[Data records]
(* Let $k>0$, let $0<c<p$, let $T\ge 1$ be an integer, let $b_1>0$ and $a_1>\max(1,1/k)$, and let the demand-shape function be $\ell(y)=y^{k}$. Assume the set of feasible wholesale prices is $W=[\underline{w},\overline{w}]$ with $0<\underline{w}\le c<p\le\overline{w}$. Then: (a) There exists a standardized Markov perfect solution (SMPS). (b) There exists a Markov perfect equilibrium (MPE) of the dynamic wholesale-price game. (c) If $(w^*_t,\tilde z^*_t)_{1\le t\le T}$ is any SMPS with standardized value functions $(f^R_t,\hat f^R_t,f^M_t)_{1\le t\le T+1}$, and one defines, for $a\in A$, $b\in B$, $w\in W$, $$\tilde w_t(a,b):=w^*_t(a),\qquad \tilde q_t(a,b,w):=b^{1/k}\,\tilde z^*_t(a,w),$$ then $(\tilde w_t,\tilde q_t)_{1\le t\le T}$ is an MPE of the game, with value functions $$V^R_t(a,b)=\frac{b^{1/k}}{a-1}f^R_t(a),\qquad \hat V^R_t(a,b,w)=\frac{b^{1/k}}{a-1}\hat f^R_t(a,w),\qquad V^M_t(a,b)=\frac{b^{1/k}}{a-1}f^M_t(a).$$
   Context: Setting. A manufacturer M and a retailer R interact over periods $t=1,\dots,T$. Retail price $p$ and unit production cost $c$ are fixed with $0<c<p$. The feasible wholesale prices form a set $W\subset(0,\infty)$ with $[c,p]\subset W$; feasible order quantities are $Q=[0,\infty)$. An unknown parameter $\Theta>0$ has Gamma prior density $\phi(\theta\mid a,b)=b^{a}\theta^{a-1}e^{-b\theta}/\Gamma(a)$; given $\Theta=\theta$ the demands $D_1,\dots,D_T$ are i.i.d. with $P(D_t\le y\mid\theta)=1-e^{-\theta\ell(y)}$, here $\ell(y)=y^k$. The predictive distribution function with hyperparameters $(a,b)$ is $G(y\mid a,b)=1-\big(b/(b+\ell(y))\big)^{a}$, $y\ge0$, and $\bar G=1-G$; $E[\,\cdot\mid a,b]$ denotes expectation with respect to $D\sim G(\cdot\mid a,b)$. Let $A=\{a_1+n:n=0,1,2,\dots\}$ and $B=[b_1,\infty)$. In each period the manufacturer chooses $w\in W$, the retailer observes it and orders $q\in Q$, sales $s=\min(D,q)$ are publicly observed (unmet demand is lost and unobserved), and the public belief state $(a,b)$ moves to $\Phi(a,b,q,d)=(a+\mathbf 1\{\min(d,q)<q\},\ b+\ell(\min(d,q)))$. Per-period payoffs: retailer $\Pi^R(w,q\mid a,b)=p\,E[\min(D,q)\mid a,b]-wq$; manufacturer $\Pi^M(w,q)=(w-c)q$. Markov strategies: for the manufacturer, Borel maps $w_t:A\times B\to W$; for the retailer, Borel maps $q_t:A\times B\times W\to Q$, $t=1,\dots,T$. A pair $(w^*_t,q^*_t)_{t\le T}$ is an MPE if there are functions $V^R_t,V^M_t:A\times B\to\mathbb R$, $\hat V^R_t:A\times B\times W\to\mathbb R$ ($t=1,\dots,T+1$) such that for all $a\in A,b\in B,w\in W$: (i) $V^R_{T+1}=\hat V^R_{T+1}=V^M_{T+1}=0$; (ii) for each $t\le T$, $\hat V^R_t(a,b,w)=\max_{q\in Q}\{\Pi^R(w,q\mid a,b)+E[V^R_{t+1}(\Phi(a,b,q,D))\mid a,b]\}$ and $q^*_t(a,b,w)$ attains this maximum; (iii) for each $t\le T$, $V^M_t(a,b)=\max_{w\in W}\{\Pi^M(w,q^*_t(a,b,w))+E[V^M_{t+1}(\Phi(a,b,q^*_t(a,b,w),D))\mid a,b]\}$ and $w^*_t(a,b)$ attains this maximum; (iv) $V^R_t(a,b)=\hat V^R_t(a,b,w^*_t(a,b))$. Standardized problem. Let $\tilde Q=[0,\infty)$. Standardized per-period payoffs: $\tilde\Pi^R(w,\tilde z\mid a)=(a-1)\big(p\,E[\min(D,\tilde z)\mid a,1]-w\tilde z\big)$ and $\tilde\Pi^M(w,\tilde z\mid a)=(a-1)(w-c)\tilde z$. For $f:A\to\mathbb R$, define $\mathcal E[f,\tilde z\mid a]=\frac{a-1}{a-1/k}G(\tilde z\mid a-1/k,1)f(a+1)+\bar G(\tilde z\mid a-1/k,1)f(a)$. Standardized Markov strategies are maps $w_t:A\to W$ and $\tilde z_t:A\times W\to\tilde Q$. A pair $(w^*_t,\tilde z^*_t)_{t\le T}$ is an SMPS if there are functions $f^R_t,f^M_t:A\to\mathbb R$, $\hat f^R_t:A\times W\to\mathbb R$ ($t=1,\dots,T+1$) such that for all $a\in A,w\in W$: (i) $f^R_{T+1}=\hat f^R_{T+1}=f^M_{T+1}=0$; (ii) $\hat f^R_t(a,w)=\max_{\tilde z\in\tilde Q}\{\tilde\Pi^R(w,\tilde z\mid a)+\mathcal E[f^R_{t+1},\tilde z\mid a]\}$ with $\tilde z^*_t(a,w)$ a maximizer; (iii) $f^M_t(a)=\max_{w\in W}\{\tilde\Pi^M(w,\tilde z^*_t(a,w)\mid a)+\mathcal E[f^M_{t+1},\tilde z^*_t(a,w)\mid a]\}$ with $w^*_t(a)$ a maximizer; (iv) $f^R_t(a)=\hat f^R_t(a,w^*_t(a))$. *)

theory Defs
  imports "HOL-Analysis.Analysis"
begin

--

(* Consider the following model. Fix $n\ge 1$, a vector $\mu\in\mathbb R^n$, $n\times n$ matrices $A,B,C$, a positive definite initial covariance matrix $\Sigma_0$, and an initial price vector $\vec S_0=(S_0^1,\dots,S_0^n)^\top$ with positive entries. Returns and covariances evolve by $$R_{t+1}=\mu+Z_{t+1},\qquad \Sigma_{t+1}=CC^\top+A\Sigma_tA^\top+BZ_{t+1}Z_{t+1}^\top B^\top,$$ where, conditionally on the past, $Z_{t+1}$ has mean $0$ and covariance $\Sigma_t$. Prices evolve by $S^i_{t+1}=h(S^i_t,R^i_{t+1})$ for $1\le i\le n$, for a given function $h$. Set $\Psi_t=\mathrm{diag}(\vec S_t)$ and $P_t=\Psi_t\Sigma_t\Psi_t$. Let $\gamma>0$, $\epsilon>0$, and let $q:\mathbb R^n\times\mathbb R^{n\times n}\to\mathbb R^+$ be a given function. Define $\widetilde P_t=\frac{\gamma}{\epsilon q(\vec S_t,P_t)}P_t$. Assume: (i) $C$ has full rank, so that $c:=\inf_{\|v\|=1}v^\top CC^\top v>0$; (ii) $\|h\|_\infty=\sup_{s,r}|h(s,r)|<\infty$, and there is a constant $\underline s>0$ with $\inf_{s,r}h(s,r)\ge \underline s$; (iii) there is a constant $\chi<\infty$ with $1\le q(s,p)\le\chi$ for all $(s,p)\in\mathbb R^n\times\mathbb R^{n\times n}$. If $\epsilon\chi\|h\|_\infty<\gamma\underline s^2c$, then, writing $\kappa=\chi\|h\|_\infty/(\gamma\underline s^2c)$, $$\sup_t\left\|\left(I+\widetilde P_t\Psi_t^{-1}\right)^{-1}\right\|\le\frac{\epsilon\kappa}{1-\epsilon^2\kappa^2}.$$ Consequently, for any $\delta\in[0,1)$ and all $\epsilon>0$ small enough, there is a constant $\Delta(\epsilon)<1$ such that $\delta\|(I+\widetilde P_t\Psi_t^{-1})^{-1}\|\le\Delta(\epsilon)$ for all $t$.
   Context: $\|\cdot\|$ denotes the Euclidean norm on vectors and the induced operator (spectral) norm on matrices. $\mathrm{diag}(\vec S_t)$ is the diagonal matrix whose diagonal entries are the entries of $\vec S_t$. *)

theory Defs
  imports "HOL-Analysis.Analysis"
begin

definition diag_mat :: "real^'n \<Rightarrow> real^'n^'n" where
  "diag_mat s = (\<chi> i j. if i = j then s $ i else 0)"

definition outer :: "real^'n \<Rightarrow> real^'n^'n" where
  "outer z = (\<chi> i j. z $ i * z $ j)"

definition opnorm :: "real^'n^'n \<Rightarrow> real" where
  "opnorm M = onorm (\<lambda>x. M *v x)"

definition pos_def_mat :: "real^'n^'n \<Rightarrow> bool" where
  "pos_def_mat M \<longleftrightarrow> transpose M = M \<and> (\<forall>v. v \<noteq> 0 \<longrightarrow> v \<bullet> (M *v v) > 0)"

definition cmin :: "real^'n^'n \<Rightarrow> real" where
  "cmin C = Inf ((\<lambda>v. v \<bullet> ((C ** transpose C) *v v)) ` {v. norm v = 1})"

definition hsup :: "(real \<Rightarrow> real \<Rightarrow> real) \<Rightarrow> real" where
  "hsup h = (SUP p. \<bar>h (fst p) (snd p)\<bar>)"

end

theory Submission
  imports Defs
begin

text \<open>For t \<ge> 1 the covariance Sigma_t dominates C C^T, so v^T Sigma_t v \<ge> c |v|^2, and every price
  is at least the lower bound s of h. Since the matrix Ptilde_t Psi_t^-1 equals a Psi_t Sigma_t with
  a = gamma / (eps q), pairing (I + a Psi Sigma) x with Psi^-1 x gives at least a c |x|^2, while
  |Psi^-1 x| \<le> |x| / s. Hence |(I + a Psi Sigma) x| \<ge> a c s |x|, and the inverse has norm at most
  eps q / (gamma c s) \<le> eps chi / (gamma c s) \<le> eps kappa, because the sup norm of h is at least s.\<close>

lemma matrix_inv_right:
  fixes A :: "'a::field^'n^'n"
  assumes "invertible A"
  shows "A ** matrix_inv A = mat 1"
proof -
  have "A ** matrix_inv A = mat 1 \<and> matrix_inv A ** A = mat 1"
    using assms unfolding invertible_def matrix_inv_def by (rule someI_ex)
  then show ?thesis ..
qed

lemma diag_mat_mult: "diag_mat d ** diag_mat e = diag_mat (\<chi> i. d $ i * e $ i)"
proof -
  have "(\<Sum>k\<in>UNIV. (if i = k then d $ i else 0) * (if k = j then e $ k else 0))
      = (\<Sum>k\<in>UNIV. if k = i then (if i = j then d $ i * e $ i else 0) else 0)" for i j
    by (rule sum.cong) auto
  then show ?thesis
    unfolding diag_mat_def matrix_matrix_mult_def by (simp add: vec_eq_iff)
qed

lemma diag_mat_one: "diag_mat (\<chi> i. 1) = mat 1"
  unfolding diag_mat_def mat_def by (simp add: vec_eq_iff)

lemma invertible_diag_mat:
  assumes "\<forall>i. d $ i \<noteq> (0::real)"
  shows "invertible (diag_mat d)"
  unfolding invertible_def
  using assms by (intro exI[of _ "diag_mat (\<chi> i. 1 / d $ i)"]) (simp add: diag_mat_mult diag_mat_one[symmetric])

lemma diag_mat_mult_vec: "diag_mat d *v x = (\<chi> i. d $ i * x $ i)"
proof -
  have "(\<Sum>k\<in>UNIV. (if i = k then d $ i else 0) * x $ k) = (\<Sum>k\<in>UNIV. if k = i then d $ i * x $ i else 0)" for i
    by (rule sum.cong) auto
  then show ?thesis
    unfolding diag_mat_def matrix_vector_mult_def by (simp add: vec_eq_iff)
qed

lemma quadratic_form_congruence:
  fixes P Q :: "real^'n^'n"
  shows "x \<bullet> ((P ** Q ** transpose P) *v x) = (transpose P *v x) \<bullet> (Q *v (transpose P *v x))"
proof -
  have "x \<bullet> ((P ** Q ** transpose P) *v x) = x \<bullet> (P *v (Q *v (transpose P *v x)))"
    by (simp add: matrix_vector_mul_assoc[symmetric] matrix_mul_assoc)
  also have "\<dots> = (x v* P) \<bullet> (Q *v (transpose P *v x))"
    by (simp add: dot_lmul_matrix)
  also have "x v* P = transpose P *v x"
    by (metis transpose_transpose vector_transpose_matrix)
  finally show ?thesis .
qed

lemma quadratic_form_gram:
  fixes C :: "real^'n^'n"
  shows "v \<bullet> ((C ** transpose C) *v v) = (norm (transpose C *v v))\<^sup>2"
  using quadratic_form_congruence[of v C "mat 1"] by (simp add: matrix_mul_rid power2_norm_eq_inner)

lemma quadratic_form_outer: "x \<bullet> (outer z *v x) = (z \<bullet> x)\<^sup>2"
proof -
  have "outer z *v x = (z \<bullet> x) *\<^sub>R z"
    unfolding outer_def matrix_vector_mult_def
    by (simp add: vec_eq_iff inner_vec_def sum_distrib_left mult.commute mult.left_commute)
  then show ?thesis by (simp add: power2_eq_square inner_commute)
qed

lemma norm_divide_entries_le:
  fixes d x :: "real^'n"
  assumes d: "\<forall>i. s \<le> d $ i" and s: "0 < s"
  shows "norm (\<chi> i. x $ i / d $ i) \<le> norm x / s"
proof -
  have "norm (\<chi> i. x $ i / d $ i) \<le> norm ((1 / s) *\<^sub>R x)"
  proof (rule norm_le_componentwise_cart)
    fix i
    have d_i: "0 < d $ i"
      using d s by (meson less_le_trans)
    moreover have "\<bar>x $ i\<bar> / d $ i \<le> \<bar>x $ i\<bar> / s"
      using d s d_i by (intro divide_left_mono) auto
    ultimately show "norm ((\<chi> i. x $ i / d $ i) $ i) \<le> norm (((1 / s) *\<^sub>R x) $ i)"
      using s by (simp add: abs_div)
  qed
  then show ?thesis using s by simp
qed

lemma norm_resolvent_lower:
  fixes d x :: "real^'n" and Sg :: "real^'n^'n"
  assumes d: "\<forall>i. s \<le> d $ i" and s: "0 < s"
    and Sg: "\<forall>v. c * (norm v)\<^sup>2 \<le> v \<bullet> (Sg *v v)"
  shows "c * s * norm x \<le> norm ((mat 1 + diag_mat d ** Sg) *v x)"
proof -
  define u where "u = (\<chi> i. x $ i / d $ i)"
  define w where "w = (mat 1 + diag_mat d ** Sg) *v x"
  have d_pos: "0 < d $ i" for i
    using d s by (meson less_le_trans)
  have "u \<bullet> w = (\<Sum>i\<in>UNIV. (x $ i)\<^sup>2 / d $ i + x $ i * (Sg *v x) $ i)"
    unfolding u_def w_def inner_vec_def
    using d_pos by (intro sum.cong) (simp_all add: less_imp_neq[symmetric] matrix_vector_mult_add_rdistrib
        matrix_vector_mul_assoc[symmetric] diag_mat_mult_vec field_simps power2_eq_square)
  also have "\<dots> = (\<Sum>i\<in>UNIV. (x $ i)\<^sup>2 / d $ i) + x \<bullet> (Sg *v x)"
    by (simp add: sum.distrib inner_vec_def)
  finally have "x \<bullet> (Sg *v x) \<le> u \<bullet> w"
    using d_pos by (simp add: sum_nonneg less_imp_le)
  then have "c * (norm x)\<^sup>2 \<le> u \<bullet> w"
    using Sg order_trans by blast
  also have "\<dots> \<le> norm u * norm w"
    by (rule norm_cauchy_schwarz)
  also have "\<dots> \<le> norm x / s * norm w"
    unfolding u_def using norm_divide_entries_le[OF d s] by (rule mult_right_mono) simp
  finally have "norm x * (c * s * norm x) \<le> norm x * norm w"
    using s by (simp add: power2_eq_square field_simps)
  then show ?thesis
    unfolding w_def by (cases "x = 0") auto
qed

Task details: Return, from the data above, each line in which the string "intro" appears.

Result:
  using assms by (intro exI[of _ "diag_mat (\<chi> i. 1 / d $ i)"]) (simp add: diag_mat_mult diag_mat_one[symmetric])
      using d s d_i by (intro divide_left_mono) auto
    using d_pos by (intro sum.cong) (simp_all add: less_imp_neq[symmetric] matrix_vector_mult_add_rdistrib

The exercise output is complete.